The most amazing thing I learned on Name Voyager is that the name “Gannon” has risen in popularity since the early eighties.

:confused: :confused: :confused:

I’ve long thought - thoughly obviously not as long as you - that Dashiell is a kickass name. Good work.

I had a friend in college named Allegra. She collected Allegra ads because she thought it was funny, and her nickname was “Leggy.”

We’ll be there for you…

Just as an experiment, to see if pop culture has anything to do with anything:

RANK (OUT OF TOP 1,000) OF BABIES REGISTERED WITH SSA THAT HAVE THE SAME NAMES AS THE CHARACTERS ON FRIENDS DURING THE YEAR THAT SERIES AIRED

Name…Rank 1994…Highest Rank (Year)…Rank 2004
Chandler…348…151 (1999)…284
Joey…413…413 (1994)…493
Ross…311…268 (1995)…614

Monica…88…79 (1997)…226
Phoebe…817…387 (2001)…407
Rachel…13…9 (1996)…34

AND, JUST FOR THE HECK OF IT, HERE’S SEINFELD

Name…Rank 1990…Highest Rank (Year)…Rank 1998
George…79…79 (1990)…126
Jerry…148…148 (1990)…228
(sorry, Kramer- “Cosmo” is not one of the top 1,000 baby names)

Elaine…409…409 (1990)…523
I think, based on this very-small cross-sampling, that baby names are not swayed by pop culture trends. At least, not many baby names.

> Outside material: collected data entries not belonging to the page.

lemma fls_exp_quotient_expand:
  fixes a d M D :: nat
  assumes "d * a * M = D" "D > 0"
  shows "fps_to_fls (1 + fps_exp (- of_nat a)) / fps_to_fls (1 - fps_exp (- of_nat (d * a))) =
    (\<Sum>e\<in>{0, 1}. \<Sum>j\<in>{0..<M}. fls_exp (- of_nat (a * (d * j + e))))
      * inverse (1 - fls_exp (- of_nat D) :: 'a::field_char_0 fls)"
proof -
  define q :: "'a fls" where "q = fls_exp (- of_nat (d * a))"
  define S where "S = (\<Sum>j\<in>{0..<M}. q ^ j)"
  have "q ^ M = fls_exp (- of_nat D)"
    by (simp add: q_def fls_exp_power algebra_simps flip: assms(1))
  then have B: "1 - fls_exp (- of_nat D) = (1 - q) * S"
    unfolding S_def atLeast0LessThan one_diff_power_eq[symmetric] by simp
  have "1 - fls_exp (- of_nat D) \<noteq> (0 :: 'a fls)"
    using fls_subdegree_one_minus_fls_exp[of "of_nat D :: 'a"] assms(2) by auto
  then have "S \<noteq> 0"
    unfolding B by auto
  have q0: "q ^ j = fls_exp (- of_nat (a * (d * j + 0)))" for j
    by (simp add: q_def fls_exp_power algebra_simps)
  have q1: "fls_exp (- of_nat a) * q ^ j = fls_exp (- of_nat (a * (d * j + 1)))" for j
    by (simp add: q_def fls_exp_power algebra_simps flip: fls_exp_add)
  have "(1 + fls_exp (- of_nat a)) * S =
      (\<Sum>j\<in>{0..<M}. q ^ j) + (\<Sum>j\<in>{0..<M}. fls_exp (- of_nat a) * q ^ j)"
    by (simp add: S_def distrib_right sum_distrib_left sum.distrib)
  also have "\<dots> = (\<Sum>e\<in>{0, 1}. \<Sum>j\<in>{0..<M}. fls_exp (- of_nat (a * (d * j + e))))"
    unfolding q1 unfolding q0 by (simp add: algebra_simps)
  finally have "(1 + fls_exp (- of_nat a)) * S =
      (\<Sum>e\<in>{0, 1}. \<Sum>j\<in>{0..<M}. fls_exp (- of_nat (a * (d * j + e))))" .
  moreover have "fps_to_fls (1 + fps_exp (- of_nat a)) / fps_to_fls (1 - fps_exp (- of_nat (d * a)))
      = (1 + fls_exp (- of_nat a)) * S / ((1 - q) * S)"
    using \<open>S \<noteq> 0\<close> by (simp add: q_def fls_exp_def)
  ultimately show ?thesis
    by (simp only: B divide_inverse)
qed

lemma polypart_eq_sum_exp_pole_residue:
  assumes "D > 0" and dvd: "\<And>i. i < r \<Longrightarrow> d * a i dvd D"
  shows "polypart r a d x =
    (\<Sum>\<epsilon>\<in>PiE {..<r} (\<lambda>_. {0, 1}). \<Sum>j\<in>PiE {..<r} (\<lambda>i. {0..<D div (d * a i)}).
      exp_pole_residue (real D) r (x - real (\<Sum>i<r. a i * (d * j i + \<epsilon> i))))"
proof -
  define M where "M i = D div (d * a i)" for i
  define W where "W = inverse (1 - fls_exp (- real D))"
  define E where "E = PiE {..<r} (\<lambda>_. {0, 1::nat})"
  define J where "J = PiE {..<r} (\<lambda>i. {0..<M i})"
  define s where "s \<epsilon> j = (\<Sum>i<r. a i * (d * j i + \<epsilon> i))" for \<epsilon> j
  have "fps_to_fls (1 + fps_exp (- real (a i))) / fps_to_fls (1 - fps_exp (- real (d * a i)))
      = (\<Sum>e\<in>{0, 1}. \<Sum>j\<in>{0..<M i}. fls_exp (- real (a i * (d * j + e)))) * W" if "i < r" for i
  proof -
    have "d * a i * M i = D"
      using dvd[OF that] by (simp add: M_def)
    from fls_exp_quotient_expand[OF this \<open>D > 0\<close>] show ?thesis
      by (simp only: W_def)
  qed
  then have "(\<Prod>i<r. fps_to_fls (1 + fps_exp (- real (a i))) / fps_to_fls (1 - fps_exp (- real (d * a i))))
      = (\<Prod>i<r. (\<Sum>e\<in>{0, 1}. \<Sum>j\<in>{0..<M i}. fls_exp (- real (a i * (d * j + e)))) * W)"
    by simp
  also have "\<dots> = (\<Prod>i<r. \<Sum>e\<in>{0, 1}. \<Sum>j\<in>{0..<M i}. fls_exp (- real (a i * (d * j + e)))) * W ^ r"
    by (simp only: prod.distrib prod_constant card_lessThan)
  also have "\<dots> = (\<Sum>\<epsilon>\<in>E. \<Prod>i<r. \<Sum>j\<in>{0..<M i}. fls_exp (- real (a i * (d * j + \<epsilon> i)))) * W ^ r"
    unfolding E_def by (subst prod_sum_PiE) auto
  also have "\<dots> = (\<Sum>\<epsilon>\<in>E. \<Sum>j\<in>J. \<Prod>i<r. fls_exp (- real (a i * (d * j i + \<epsilon> i)))) * W ^ r"
    unfolding J_def by (subst prod_sum_PiE) auto
  also have "\<dots> = (\<Sum>\<epsilon>\<in>E. \<Sum>j\<in>J. fls_exp (- real (s \<epsilon> j))) * W ^ r"
    by (simp add: fls_exp_sum s_def sum_negf)
  finally have factors: "(\<Prod>i<r. fps_to_fls (1 + fps_exp (- real (a i))) / fps_to_fls (1 - fps_exp (- real (d * a i))))
      = (\<Sum>\<epsilon>\<in>E. \<Sum>j\<in>J. fls_exp (- real (s \<epsilon> j))) * W ^ r" .
  have "polypart r a d x = fls_nth (fls_exp x * ((\<Sum>\<epsilon>\<in>E. \<Sum>j\<in>J. fls_exp (- real (s \<epsilon> j))) * W ^ r)) (-1)"
    unfolding polypart_def factors fls_exp_def ..
  also have "\<dots> = (\<Sum>\<epsilon>\<in>E. \<Sum>j\<in>J. fls_nth (fls_exp (x - real (s \<epsilon> j)) * W ^ r) (-1))"
  proof -
    have shift: "fls_exp x * (fls_exp (- y) * W ^ r) = fls_exp (x - y) * W ^ r" for y
      using fls_exp_add[of x "- y"] by (simp add: mult.assoc)
    show ?thesis
      by (simp only: sum_distrib_left sum_distrib_right fls_nth_sum shift)
  qed
  finally show ?thesis
    by (simp add: exp_pole_residue_def W_def E_def J_def M_def s_def)
qed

Down here in the trenches of evangelical WASP suburbia, a lot of people are naming beautiful little girls after a wrinkled up old white man. What can these little Reagans aspire to when they come of age?

Eh. I’m naming my hypothetical child “Wings.” :stuck_out_tongue:

I’m not persuaded.

  1. I think “The Dylan Effect” is primarily a phenomenon with uncommon names. A TV or film character named Bob will not influence your view of “Bob” as a name: you already know Bobs, and your view on the name is already fixed

  2. The issue is not just characters, but admirable or attractive characters; of course nobody’s going to name their kid for George Costanza.

This site lists several examples: note McKenzie, Nadia, Rhiannon and Yesenia.